Dimitris Tiliakos (Scarpia) et Monica Zanettin (Tosca)
© Karl Foster

Après avoir très bien cerné les rapports entre les trois protagonistes au premier acte, Villalobos va faire de Pasolini un personnage de l’opéra. En guise de prélude au deuxième acte, on voit dans une loge d’avant-scène Pasolini et Pino Pelosi (le prostitué longtemps tenu pour responsable de la mort du cinéaste) danser et se faire des mamours au son de Love in Portofino de Dalida (version Andrea Bocelli).

Retour sur la scène où de magnifiques nus en noir et blanc d’Ydáñez tapissent le fond du bureau de Scarpia qui interroge Cavaradossi. Quand arrive Tosca, le chef de la police – dans une déroutante volte-face christique – lui lave les pieds. Alors que le peintre quitte les lieux pour être soumis à la question, arrivent trois éphèbes dans le plus simple appareil. L’un d’entre eux s’allonge sur la table du repas à côté du porcelet qui y trône, un autre se blottit contre Scarpia, un troisième se promène à quatre pattes. Tosca chante Vissi d’arte en s’adressant à un éphèbe allongé sur le sol, qui l’écoute hébété tandis que Scarpia se passe autour de cou une chaîne reliée à des menottes... On aura compris que la greffe de Salò sur Tosca ne prend pas vraiment et que cette approche parasite l’opéra plutôt que de l’enrichir.

Andrea Carè (Cavaradossi) et Monica Zanettin (Tosca)
© Karl Foster

On aura encore droit à une dernière étreinte entre Pasolini et Pelosi sur fond de chant du berger au début du troisième acte. Et quand Cavaradossi chantera E lucevan le stelle, il sera rejoint par Pasolini ressuscité, avant d'être liquidé par une blonde à chignon en guise de peloton d'exécution. Quant à Tosca, elle ne se jettera pas dans le vide mais sera comme happée par une lumière éblouissante dans le fond de la scène – les éclairages signés Felipe Ramos sont par ailleurs magnifiques.

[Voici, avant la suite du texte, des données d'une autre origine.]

(* Let $\alpha>0$, $\alpha\neq1$. For every unitary $U\in\mathcal{U}(d)$ and all Clifford unitaries $C_1,C_2\in\mathcal{C}_n(d_L)$, $H_\alpha(C_1UC_2)=H_\alpha(U)$.
   Context: Let $d_L\ge 2$, $n\ge1$, $d=d_L^n$. On $\mathbb{C}^{d_L}$ with computational basis $\{|k\rangle\}_{k\in\mathbb{Z}_{d_L}}$, let $Z|k\rangle=\omega^k|k\rangle$, $X|k\rangle=|k+1\rangle$ (mod $d_L$), $\omega=e^{2\pi i/d_L}$, $\tau=-e^{i\pi/d_L}$, $D_{(a_1,a_2)}=\tau^{a_1a_2}X^{a_1}Z^{a_2}$, and for $\mathbf a=\mathbf a_1\oplus\cdots\oplus\mathbf a_n\in\mathbb{Z}_{d_L}^{2n}$ let $D_{\mathbf a}=D_{\mathbf a_1}\otimes\cdots\otimes D_{\mathbf a_n}$ acting on $\mathbb{C}^d$. The Clifford group $\mathcal{C}_n(d_L)$ is the set of unitaries $C$ on $\mathbb{C}^d$ such that for every $\mathbf a$ there exist $s\in\mathbb{Z}_{d_L}$ and $\mathbf a'$ with $CD_{\mathbf a}C^\dagger=\omega^sD_{\mathbf a'}$. For a unitary $U$ let $\mathfrak{C}_{\mathbf{ab}}(U)=\frac1d\operatorname{tr}(D_{\mathbf a}^\dagger UD_{\mathbf b}U^\dagger)$, $\mathfrak{D}_{\mathbf{ab}}(U)=|\mathfrak{C}_{\mathbf{ab}}(U)|^2$, and $H_\alpha(U)=\frac{1}{\alpha-1}\Big(1-\frac{1}{d^2}\sum_{\mathbf a,\mathbf b}\mathfrak{D}_{\mathbf{ab}}(U)^\alpha\Big)$. *)

theory Defs
  imports Complex_Main "Jordan_Normal_Form.Matrix"
begin

definition adj :: "complex mat \<Rightarrow> complex mat" where
  "adj A = mat (dim_col A) (dim_row A) (\<lambda>(i,j). cnj (A $$ (j,i)))"

definition mtrace :: "complex mat \<Rightarrow> complex" where
  "mtrace A = (\<Sum>i<dim_row A. A $$ (i,i))"

definition unitaries :: "nat \<Rightarrow> complex mat set" where
  "unitaries d = {U. U \<in> carrier_mat d d \<and> U * adj U = 1\<^sub>m d \<and> adj U * U = 1\<^sub>m d}"

definition kron :: "complex mat \<Rightarrow> complex mat \<Rightarrow> complex mat" where
  "kron A B = mat (dim_row A * dim_row B) (dim_col A * dim_col B)
     (\<lambda>(i,j). A $$ (i div dim_row B, j div dim_col B) * B $$ (i mod dim_row B, j mod dim_col B))"

definition omega :: "nat \<Rightarrow> complex" where
  "omega dL = exp (2 * pi * \<i> / of_nat dL)"

definition tau :: "nat \<Rightarrow> complex" where
  "tau dL = - exp (pi * \<i> / of_nat dL)"

definition Zop :: "nat \<Rightarrow> complex mat" where
  "Zop dL = mat dL dL (\<lambda>(i,j). if i = j then omega dL ^ j else 0)"

definition Xop :: "nat \<Rightarrow> complex mat" where
  "Xop dL = mat dL dL (\<lambda>(i,j). if i = (j + 1) mod dL then 1 else 0)"

definition D1 :: "nat \<Rightarrow> nat \<times> nat \<Rightarrow> complex mat" where
  "D1 dL a = tau dL ^ (fst a * snd a) \<cdot>\<^sub>m (Xop dL ^\<^sub>m fst a * Zop dL ^\<^sub>m snd a)"

fun Dn :: "nat \<Rightarrow> (nat \<times> nat) list \<Rightarrow> complex mat" where
  "Dn dL [] = 1\<^sub>m 1"
| "Dn dL (p # ps) = kron (D1 dL p) (Dn dL ps)"

definition Pidx :: "nat \<Rightarrow> nat \<Rightarrow> (nat \<times> nat) list set" where
  "Pidx dL n = {a. length a = n \<and> set a \<subseteq> {..<dL} \<times> {..<dL}}"

definition Clifford :: "nat \<Rightarrow> nat \<Rightarrow> complex mat set" where
  "Clifford dL n = {C. C \<in> unitaries (dL ^ n) \<and>
     (\<forall>a \<in> Pidx dL n. \<exists>s::nat. \<exists>a' \<in> Pidx dL n.
        C * Dn dL a * adj C = omega dL ^ s \<cdot>\<^sub>m Dn dL a')}"

definition frakC :: "nat \<Rightarrow> nat \<Rightarrow> (nat \<times> nat) list \<Rightarrow> (nat \<times> nat) list \<Rightarrow> complex mat \<Rightarrow> complex" where
  "frakC dL n a b U = mtrace (adj (Dn dL a) * U * Dn dL b * adj U) / of_nat (dL ^ n)"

Les avis divergeront sans doute sur la mise en scène, mais certainement pas pour ce qui est de la prestation de l’Orchestre Symphonique de La Monnaie et de son directeur musical. Véritable chef de théâtre, Alain Altinoglu réussit aussi bien à traduire la beauté et la passion de la musique qu’à mettre en valeur toutes les innombrables subtilités de la partition.